# A year at the dump



## Tonyg (Dec 9, 2007)

Wow, time flies. I drove by this place the other day trying to find a way around traffic and thought I would take a couple of pics. This is a trash to fuel plant in Portsmoth Virginia that I worked on around 85-86 when it was going up. About 12 stories with 4 burners and a billion miles of pipe and steel. This was the first real industrial job I worked on and although it looks like a dump now (pun intended) it was kinda cool to remember all of the stupid things we did to save time.

I remember a buddy of mine tied a rope around my waist while I walked out on a 12ft plank spread across a couple of I-Beams 10 stories up. He stood on the end of the board (250lb +) while I spent 15min painting (125lbs)what would have taken us 4 hours to rig up. Do something fast enough where the saftey guy would'nt see and spend the next 4 hours eating lunch. Since most of the grating wasn't up yet I learned how to get too comfortable walking steel.

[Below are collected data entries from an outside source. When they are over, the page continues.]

theorem lemmaD3:
  fixes pt pg r :: "'x \<Rightarrow> 'y::countable \<Rightarrow> real"
    and \<beta> :: real and x0 :: 'x and n :: nat and phimax phimin :: real
  assumes beta_pos: "\<beta> > 0"
    and pt_pos: "\<And>x y. pt x y > 0" and pt_sum: "\<And>x. ((\<lambda>y. pt x y) has_sum 1) UNIV"
    and pg_pos: "\<And>x y. pg x y > 0" and pg_sum: "\<And>x. ((\<lambda>y. pg x y) has_sum 1) UNIV"
    and max_bound: "\<And>x y. phi_beta pt pg r \<beta> x y \<le> phimax"
    and max_att: "\<exists>x y. phi_beta pt pg r \<beta> x y = phimax"
    and min_bound: "\<And>x y. phimin \<le> phi_beta pt pg r \<beta> x y"
    and min_att: "\<exists>x y. phi_beta pt pg r \<beta> x y = phimin"
    and n_pos: "n \<ge> 1"
    and p_lo: "0 \<le> ln (real n ^ 4) / real n"
    and p_hi: "ln (real n ^ 4) / real n \<le> 1 / sqrt 2"
  shows "I0 (Phi_beta pg (phi_beta pt pg r \<beta>) x0) n (ln (real n ^ 4) / real n)
           \<le> exp ((ln (real n ^ 4) / real n)^2 * (phimax / phimin - 1)^2)"
proof -
  have "0 < phi_beta pt pg r \<beta> x y" for x y
    using pt_pos[of x y] pg_pos[of x y] by (simp add: phi_beta_def)
  then have "0 < phimin"
    using min_att by metis
  moreover have "Phi_beta pg (phi_beta pt pg r \<beta>) x0 = laplace_sum (pg x0) (phi_beta pt pg r \<beta> x0)"
    by (simp add: fun_eq_iff Phi_beta_def laplace_sum_def)
  ultimately show ?thesis
    using I0_laplace_sum_le[OF pg_sum[of x0] less_imp_le[OF pg_pos] _ _ n_pos p_lo p_hi]
      min_bound max_bound by simp
qed

end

I almost thought I could have bounced those days.

Slopping zink oxide is a long ways from what I do now but it was kinda of fun reminiscing when I drove by it.


----------



## daArch (Mar 15, 2008)

working how you describe will grow you a pair. 

thx for the pix


----------



## painttofish (Aug 28, 2007)

daArch said:


> working how you describe will grow you a pair.


Yea, a tombstone and a daisy.


----------